Chapter 5, Problem 5.97QA

Interpretation Introduction

To find:

The Bond order of N₂⁺, O₂⁺, C₂⁺, and Br₂^2- from the MO theory and predict the bond orders.

Answer to Problem 5.97QA

Solution:

1) Bond order of N₂⁺ = 2.5

2) Bond order of O₂⁺ = 2.5

3) Bond order of C₂⁺ = 1.5

4) Bond order of Br₂^2- = 0

All species with nonzero bond order may exist, therefore, N₂⁺, O₂⁺ and C₂⁺ may exist.

Explanation of Solution

The Molecular orbital diagram of N₂⁺, O₂⁺, C₂⁺, and Br₂^2- are below

1) Bond order of N₂⁺

:

Electronic configuration of N₂⁺ is

${(\sigma }_{1s}{)}^2{({\sigma }^{*}}_{1s}{)}^2{(\sigma }_{2s}{)}^2{({\sigma }^{*}}_{2s}{)}^2{(\pi }_{2p_x}{)}^2{(\pi }_{2p_y}{)}^2{(\sigma }_{2p_z}{)}^1$

$\mathrm{B}\mathrm{o}\mathrm{n}\mathrm{d}\mathrm{ }\mathrm{o}\mathrm{r}\mathrm{d}\mathrm{e}\mathrm{r}\mathrm{ }=\left(\frac{Bonding electrons – Nonbonding electrons}{2}\right)= \frac{(9-4)}{2}=\mathrm{ }2.5$

2) Bond order of O₂⁺:

Electronic configuration of O₂⁺ is

${(\sigma }_{1s}{)}^2{({\sigma }^{*}}_{1s}{)}^2{(\sigma }_{2s}{)}^2{({\sigma }^{*}}_{2s}{)}^2{(\sigma }_{2p_z}{)}^2{(\pi }_{2p_x}{)}^2{(\pi }_{2p_y}{)}^2{({\pi }^{*}}_{2p_x}{)}^1$

$\mathrm{B}\mathrm{o}\mathrm{n}\mathrm{d}\mathrm{ }\mathrm{o}\mathrm{r}\mathrm{d}\mathrm{e}\mathrm{r}\mathrm{ }=\left(\frac{Bonding electrons – Nonbonding electrons}{2}\right)= \frac{(8-3)}{2}=\mathrm{ }2.5$

3) Bond order of C₂⁺:

Electronic configuration of C₂⁺ is

${(\sigma }_{1s}{)}^2{({\sigma }^{*}}_{1s}{)}^2{(\sigma }_{2s}{)}^2{({\sigma }^{*}}_{2s}{)}^2{(\pi }_{2p_x}{)}^2{(\pi }_{2p_y}{)}^1$

$\mathrm{B}\mathrm{o}\mathrm{n}\mathrm{d}\mathrm{ }\mathrm{o}\mathrm{r}\mathrm{d}\mathrm{e}\mathrm{r}\mathrm{ }=\left(\frac{Bonding electrons – Nonbonding electrons}{2}\right)= \frac{(7-4)}{2}=\mathrm{ }1.5$

4) Bond order of Br₂^2- :

In case of Br₂^2- after 4s there is 3d subshell which makes the orbital diagram complicated and as it is completely filled, it is going to cancel out with bonding and antibonding electrons;hence, it is neglected in this case.

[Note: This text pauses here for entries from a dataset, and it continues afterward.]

(* Let $a,b\ge 1$ and $s\in\mathbb{R}$. Let $f$ be the betaized Meixner-Morris density $$ f(x)=\frac{f_a(x)\,f_b(s-x)}{f_{a+b}(s)},\quad x\in\mathbb{R}, $$ where for $\rho>0$, $f_\rho(x)=\frac{2^{\rho-2}}{\pi\Gamma(\rho)}\left|\Gamma\left(\frac{\rho+ix}{2}\right)\right|^2$. Define $$ g(x)=\gamma\left(\left(\tfrac{a}{2}\right)^2+\left(\tfrac{x}{2}\right)^2\right)^{\frac{a-1}{2}}\left(\left(\tfrac{b}{2}\right)^2+\left(\tfrac{s-x}{2}\right)^2\right)^{\frac{b-1}{2}}e^{-x\arctan(x/a)-(s-x)\arctan((s-x)/b)}, $$ with $$ \gamma=\frac{\pi\,\Gamma(a+b)}{e^{a+b}\,\Gamma(a)\Gamma(b)\left|\Gamma\left(\frac{a+b+is}{2}\right)\right|^2}. $$ Then for all $x\in\mathbb{R}$, $$ \alpha\, g(x)\le f(x)\le \beta\, g(x), $$ where $\alpha=(1-3/(a\pi^2))^2(1-3/(b\pi^2))^2$ and $\beta=(1+3/(a\pi^2))^2(1+3/(b\pi^2))^2$.
   Context: $\Gamma$ denotes the complex Euler gamma function, $\Gamma(z)=\int_0^\infty t^{z-1}e^{-t}\,dt$ for $\mathrm{Re}(z)>0$. *)

theory Defs
  imports "HOL-Analysis.Analysis"
begin

definition MM_density :: "real \<Rightarrow> real \<Rightarrow> real" where
  "MM_density \<rho> x = 2 powr (\<rho> - 2) / (pi * Gamma \<rho>) *
     (cmod (Gamma (Complex (\<rho> / 2) (x / 2))))\<^sup>2"

definition betaized_MM :: "real \<Rightarrow> real \<Rightarrow> real \<Rightarrow> real \<Rightarrow> real" where
  "betaized_MM a b s x = MM_density a x * MM_density b (s - x) / MM_density (a + b) s"

definition gamma_const :: "real \<Rightarrow> real \<Rightarrow> real \<Rightarrow> real" where
  "gamma_const a b s = pi * Gamma (a + b) /
     (exp (a + b) * Gamma a * Gamma b * (cmod (Gamma (Complex ((a + b) / 2) (s / 2))))\<^sup>2)"

definition g_approx :: "real \<Rightarrow> real \<Rightarrow> real \<Rightarrow> real \<Rightarrow> real" where
  "g_approx a b s x = gamma_const a b s *
     ((a / 2)\<^sup>2 + (x / 2)\<^sup>2) powr ((a - 1) / 2) *
     ((b / 2)\<^sup>2 + ((s - x) / 2)\<^sup>2) powr ((b - 1) / 2) *
     exp (- x * arctan (x / a) - (s - x) * arctan ((s - x) / b))"

end

theory Submission
  imports Defs "HOL-Real_Asymp.Real_Asymp"
begin

(* Let R(x, y) be the real part of the remainder in Stirling's formula for ln Gamma (x + iy).
   Then |Gamma ((rho + ix)/2)|^2 = 2 pi ((rho/2)^2 + (x/2)^2) powr ((rho - 1)/2)
   exp (- x arctan (x/rho) - rho) exp (2 R(rho/2, x/2)), so f = g exp (2 R(a/2, x/2))
   exp (2 R(b/2, (s-x)/2)), and the theorem follows from |R(x, y)| <= 1/(12 x), because
   (1 - 3/(a pi^2))^2 <= exp (-1/(3 a)) and exp (1/(3 a)) <= (1 + 3/(a pi^2))^2 for a >= 1.
   The bound on R comes from telescoping: the increment R(x, y) - R(x + 1, y) is an elementary
   function of size at most 1/(12 x (x + 1)), and R(x + n, y) -> 0. Via Gauss's product formula
   the latter reduces to Stirling's formula for real arguments, which follows from Legendre's
   duplication formula. *)

lemma ln_square_plus_has_real_derivative:
  assumes "(f has_real_derivative f') (at t)" "f t \<noteq> 0"
  shows "((\<lambda>t. ln ((f t)\<^sup>2 + y\<^sup>2)) has_real_derivative 2 * f t * f' / ((f t)\<^sup>2 + y\<^sup>2)) (at t)"
proof -
  have "(f t)\<^sup>2 + y\<^sup>2 > 0" using assms(2) by (simp add: add_pos_nonneg)
  then show ?thesis
    using assms by (auto intro!: derivative_eq_intros simp: field_simps)
qed

lemma arctan_div_has_real_derivative:
  assumes "(f has_real_derivative f') (at t)" "f t \<noteq> 0"
  shows "((\<lambda>t. arctan (y / f t)) has_real_derivative - y * f' / ((f t)\<^sup>2 + y\<^sup>2)) (at t)"
proof -
  have "(f t)\<^sup>2 + y\<^sup>2 > 0" using assms(2) by (simp add: add_pos_nonneg)
  then show ?thesis
    using assms by (auto intro!: derivative_eq_intros simp: field_simps power2_eq_square)
qed

lemma abs_diff_le_of_deriv_dominated:
  fixes f g :: "real \<Rightarrow> real"
  assumes "a \<le> b"
    and f: "\<And>t. a \<le> t \<Longrightarrow> t \<le> b \<Longrightarrow> (f has_real_derivative f' t) (at t)"
    and g: "\<And>t. a \<le> t \<Longrightarrow> t \<le> b \<Longrightarrow> (g has_real_derivative g' t) (at t)"
    and "\<And>t. a \<le> t \<Longrightarrow> t \<le> b \<Longrightarrow> \<bar>f' t\<bar> \<le> g' t"
  shows "\<bar>f b - f a\<bar> \<le> g b - g a"
proof -
  have "g a + c * f a \<le> g b + c * f b" if "\<bar>c\<bar> = 1" for c
  proof (rule DERIV_nonneg_imp_nondecreasing [OF \<open>a \<le> b\<close>])
    fix t assume t: "a \<le> t" "t \<le> b"
    have "((\<lambda>t. g t + c * f t) has_real_derivative g' t + c * f' t) (at t)"
      using f [OF t] g [OF t] by (intro DERIV_add DERIV_cmult)
    moreover have "\<bar>c * f' t\<bar> \<le> g' t"
      using that assms(4) [OF t] by (simp add: abs_mult)
    ultimately show "\<exists>y. ((\<lambda>t. g t + c * f t) has_real_derivative y) (at t) \<and> 0 \<le> y"
      by (intro exI conjI) (auto simp: abs_le_iff)
  qed
  from this [of 1] this [of "-1"] show ?thesis by (simp add: abs_le_iff)
qed

lemma Re_pos_not_nonpos_Ints: "Re z > 0 \<Longrightarrow> z \<notin> \<int>\<^sub>\<le>\<^sub>0"
  by (auto simp: complex_nonpos_Reals_iff dest: subsetD [OF nonpos_Ints_subset_nonpos_Reals])

(* Real part of (z - 1/2) Ln z - z at z = x + iy with x > 0, where Arg z = arctan (y / x). *)
definition stirling_main_term :: "real \<Rightarrow> real \<Rightarrow> real" where
  "stirling_main_term x y = (x - 1/2) * ln (x\<^sup>2 + y\<^sup>2) / 2 - y * arctan (y / x) - x"

definition stirling_remainder :: "real \<Rightarrow> real \<Rightarrow> real" where
  "stirling_remainder x y =
     ln (cmod (Gamma (Complex x y))) - stirling_main_term x y - ln (2 * pi) / 2"

(* At P = x + 1/2 and t = 1/2 this is the increment stirling_remainder x y - stirling_remainder (x + 1) y;
   it is bounded by integrating its t-derivative from t = 0, where it vanishes. *)
definition stirling_step :: "real \<Rightarrow> real \<Rightarrow> real \<Rightarrow> real" where
  "stirling_step P y t = P / 2 * (ln ((P + t)\<^sup>2 + y\<^sup>2) - ln ((P - t)\<^sup>2 + y\<^sup>2))
     - y * arctan (y / (P + t)) + y * arctan (y / (P - t)) - 2 * t"

lemma stirling_step_has_derivative:
  assumes "\<bar>t\<bar> < P"
  shows "(stirling_step P y has_real_derivative
      2 * t\<^sup>2 * (P\<^sup>2 - t\<^sup>2 - y\<^sup>2) / (((P + t)\<^sup>2 + y\<^sup>2) * ((P - t)\<^sup>2 + y\<^sup>2))) (at t)"
proof -
  define A where "A = (P + t)\<^sup>2 + y\<^sup>2"
  define B where "B = (P - t)\<^sup>2 + y\<^sup>2"
  have "P + t \<noteq> 0" "P - t \<noteq> 0" using assms by auto
  then have "A \<noteq> 0" "B \<noteq> 0" unfolding A_def B_def by (auto simp: add_nonneg_eq_0_iff)
  have "((\<lambda>t. P + t) has_real_derivative 1) (at t)" "((\<lambda>t. P - t) has_real_derivative -1) (at t)"
    by (auto intro!: derivative_eq_intros)
  then have "(stirling_step P y has_real_derivative
      P / 2 * (2 * (P + t) * 1 / A - 2 * (P - t) * -1 / B) - y * (- y * 1 / A) + y * (- y * -1 / B) - 2 * 1)
      (at t)"
    unfolding stirling_step_def [abs_def] A_def B_def using \<open>P + t \<noteq> 0\<close> \<open>P - t \<noteq> 0\<close>
    by (intro DERIV_diff DERIV_add DERIV_cmult DERIV_ident
        ln_square_plus_has_real_derivative arctan_div_has_real_derivative)
  moreover have "P / 2 * (2 * (P + t) * 1 / A - 2 * (P - t) * -1 / B) - y * (- y * 1 / A)
      + y * (- y * -1 / B) - 2 * 1 = 2 * t\<^sup>2 * (P\<^sup>2 - t\<^sup>2 - y\<^sup>2) / (A * B)"
  proof -
    have numerator: "2 * t\<^sup>2 * (P\<^sup>2 - t\<^sup>2 - y\<^sup>2) =
        P * (P + t) * B + P * (P - t) * A + y\<^sup>2 * (A + B) - 2 * A * B"
      unfolding A_def B_def by (simp add: power2_eq_square algebra_simps)
    show ?thesis
      unfolding numerator using \<open>A \<noteq> 0\<close> \<open>B \<noteq> 0\<close> by (simp add: field_simps power2_eq_square)
  qed
  ultimately show ?thesis
    unfolding A_def B_def by (rule DERIV_cong)
qed

lemma abs_stirling_step_deriv_le:
  fixes P t y :: real
  assumes "\<bar>t\<bar> < P"
  shows "\<bar>2 * t\<^sup>2 * (P\<^sup>2 - t\<^sup>2 - y\<^sup>2) / (((P + t)\<^sup>2 + y\<^sup>2) * ((P - t)\<^sup>2 + y\<^sup>2))\<bar>
           \<le> 2 * t\<^sup>2 / (P\<^sup>2 - t\<^sup>2)"
proof -
  define A where "A = P\<^sup>2 - t\<^sup>2 - y\<^sup>2"
  have B: "P\<^sup>2 - t\<^sup>2 > 0"
    using assms power_strict_mono [of "\<bar>t\<bar>" P 2] by simp
  have D: "((P + t)\<^sup>2 + y\<^sup>2) * ((P - t)\<^sup>2 + y\<^sup>2) = A\<^sup>2 + 4 * P\<^sup>2 * y\<^sup>2"
    unfolding A_def by (simp add: power2_eq_square algebra_simps)
  have "\<bar>A\<bar> * (P\<^sup>2 - t\<^sup>2) \<le> A\<^sup>2 + P\<^sup>2 * y\<^sup>2"
  proof (cases "A \<ge> 0")
    case True
    then have "\<bar>A\<bar> * (P\<^sup>2 - t\<^sup>2) = A\<^sup>2 + A * y\<^sup>2"
      unfolding A_def by (simp add: power2_eq_square algebra_simps)
    moreover have "A * y\<^sup>2 \<le> P\<^sup>2 * y\<^sup>2"
      unfolding A_def by (intro mult_right_mono) auto
    ultimately show ?thesis by linarith
  next
    case False
    then have "\<bar>A\<bar> * (P\<^sup>2 - t\<^sup>2) \<le> y\<^sup>2 * P\<^sup>2"
      using B unfolding A_def by (intro mult_mono) auto
    then show ?thesis by (simp add: mult.commute add_increasing)
  qed
  moreover have "0 \<le> P\<^sup>2 * y\<^sup>2" by simp
  ultimately have "\<bar>A\<bar> * (P\<^sup>2 - t\<^sup>2) \<le> A\<^sup>2 + 4 * P\<^sup>2 * y\<^sup>2" by linarith
  moreover have "A\<^sup>2 + 4 * P\<^sup>2 * y\<^sup>2 > 0"
    unfolding D [symmetric] using assms by (intro mult_pos_pos add_pos_nonneg) auto
  ultimately have "\<bar>A\<bar> / (A\<^sup>2 + 4 * P\<^sup>2 * y\<^sup>2) \<le> 1 / (P\<^sup>2 - t\<^sup>2)"
    using B by (simp add: divide_simps mult.commute)
  then have "2 * t\<^sup>2 * (\<bar>A\<bar> / (A\<^sup>2 + 4 * P\<^sup>2 * y\<^sup>2)) \<le> 2 * t\<^sup>2 * (1 / (P\<^sup>2 - t\<^sup>2))"
    by (rule mult_left_mono) simp
  then show ?thesis
    unfolding D A_def [symmetric] by (simp add: abs_mult)
qed

lemma abs_stirling_step_le:
  assumes "P > 1/2"
  shows "\<bar>stirling_step P y (1/2)\<bar> \<le> 1 / (12 * (P\<^sup>2 - 1/4))"
proof -
  define K where "K = P\<^sup>2 - 1/4"
  have "(1/2)\<^sup>2 < P\<^sup>2"
    using assms by (intro power_strict_mono) auto
  then have "K > 0" unfolding K_def by (simp add: power2_eq_square)
  have "\<bar>stirling_step P y (1/2) - stirling_step P y 0\<bar>
      \<le> 2 * (1/2) ^ 3 / (3 * K) - 2 * 0 ^ 3 / (3 * K)"
  proof (rule abs_diff_le_of_deriv_dominated)
    fix t :: real assume t: "0 \<le> t" "t \<le> 1/2"
    then show "(stirling_step P y has_real_derivative
        2 * t\<^sup>2 * (P\<^sup>2 - t\<^sup>2 - y\<^sup>2) / (((P + t)\<^sup>2 + y\<^sup>2) * ((P - t)\<^sup>2 + y\<^sup>2))) (at t)"
      using assms by (intro stirling_step_has_derivative) auto
    show "((\<lambda>t. 2 * t ^ 3 / (3 * K)) has_real_derivative 2 * t\<^sup>2 / K) (at t)"
      using \<open>K > 0\<close> by (auto intro!: derivative_eq_intros simp: field_simps power2_eq_square)
    have "t\<^sup>2 \<le> (1/2)\<^sup>2" using t by (intro power_mono) auto
    then have "2 * t\<^sup>2 / (P\<^sup>2 - t\<^sup>2) \<le> 2 * t\<^sup>2 / K"
      using \<open>K > 0\<close> unfolding K_def by (intro divide_left_mono mult_pos_pos) (auto simp: power2_eq_square)
    with abs_stirling_step_deriv_le [of t P y] t assms
    show "\<bar>2 * t\<^sup>2 * (P\<^sup>2 - t\<^sup>2 - y\<^sup>2) / (((P + t)\<^sup>2 + y\<^sup>2) * ((P - t)\<^sup>2 + y\<^sup>2))\<bar>
        \<le> 2 * t\<^sup>2 / K" by simp
  qed simp
  then show ?thesis
    by (simp add: stirling_step_def K_def power3_eq_cube)
qed

lemma norm_Gamma_Complex_pos: "x > 0 \<Longrightarrow> cmod (Gamma (Complex x y)) > 0"
  using Gamma_nonzero [of "Complex x y"] Re_pos_not_nonpos_Ints [of "Complex x y"] by auto

lemma stirling_remainder_diff:
  assumes "x > 0"
  shows "stirling_remainder x y - stirling_remainder (x + 1) y = stirling_step (x + 1/2) y (1/2)"
proof -
  have "Gamma (Complex x y + 1) = Complex x y * Gamma (Complex x y)"
    using assms by (intro Gamma_plus1 Re_pos_not_nonpos_Ints) simp
  then have "cmod (Gamma (Complex (x + 1) y)) = sqrt (x\<^sup>2 + y\<^sup>2) * cmod (Gamma (Complex x y))"
    by (simp add: norm_mult complex_norm plus_complex.code one_complex.code)
  then have "ln (cmod (Gamma (Complex (x + 1) y))) = ln (x\<^sup>2 + y\<^sup>2) / 2 + ln (cmod (Gamma (Complex x y)))"
    using assms norm_Gamma_Complex_pos [OF assms, of y]
    by (simp add: ln_mult ln_sqrt add_pos_nonneg)
  moreover have "x + 1/2 + 1/2 = x + 1" "x + 1/2 - 1/2 = x" by simp_all
  ultimately show ?thesis
    unfolding stirling_remainder_def stirling_main_term_def stirling_step_def
    by (simp add: algebra_simps add_divide_distrib diff_divide_distrib)
qed

lemma abs_stirling_remainder_diff_le:
  assumes "x > 0"
  shows "\<bar>stirling_remainder x y - stirling_remainder (x + 1) y\<bar> \<le> 1 / (12 * x) - 1 / (12 * (x + 1))"
proof -
  have "(x + 1/2)\<^sup>2 - 1/4 = x * (x + 1)" by (simp add: power2_eq_square algebra_simps)
  moreover have "1 / (12 * (x * (x + 1))) = 1 / (12 * x) - 1 / (12 * (x + 1))"
    using assms by (simp add: field_simps)
  ultimately show ?thesis
    using abs_stirling_step_le [of "x + 1/2" y] assms by (simp add: stirling_remainder_diff)
qed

Valence electronic configuration of Br₂^2- is

${(\sigma }_{4p_z}{)}^2{(\pi }_{4p_x}{)}^2{(\pi }_{4p_y}{)}^2{({\pi }^{*}}_{4p_x}{)}^2{({\pi }^{*}}_{4p_y}{)}^2{({\sigma }^{*}}_{4p_z}{)}^2$

$\mathrm{B}\mathrm{o}\mathrm{n}\mathrm{d}\mathrm{ }\mathrm{o}\mathrm{r}\mathrm{d}\mathrm{e}\mathrm{r}\mathrm{ }=\left(\frac{Bonding electrons – Nonbonding electrons}{2}\right)= \frac{(6-6)}{2}=\mathrm{ }0$

The bond order of Br₂^2- is 0 because bonding and antibonding electrons are equal.

All species with nonzero bond order may exist, therefore, N₂⁺, O₂⁺ and C₂⁺ may exist.

Conclusion:

The bond order of the given molecular ions is calculated from the MO diagram. It is used to check the existence of species from the bond order.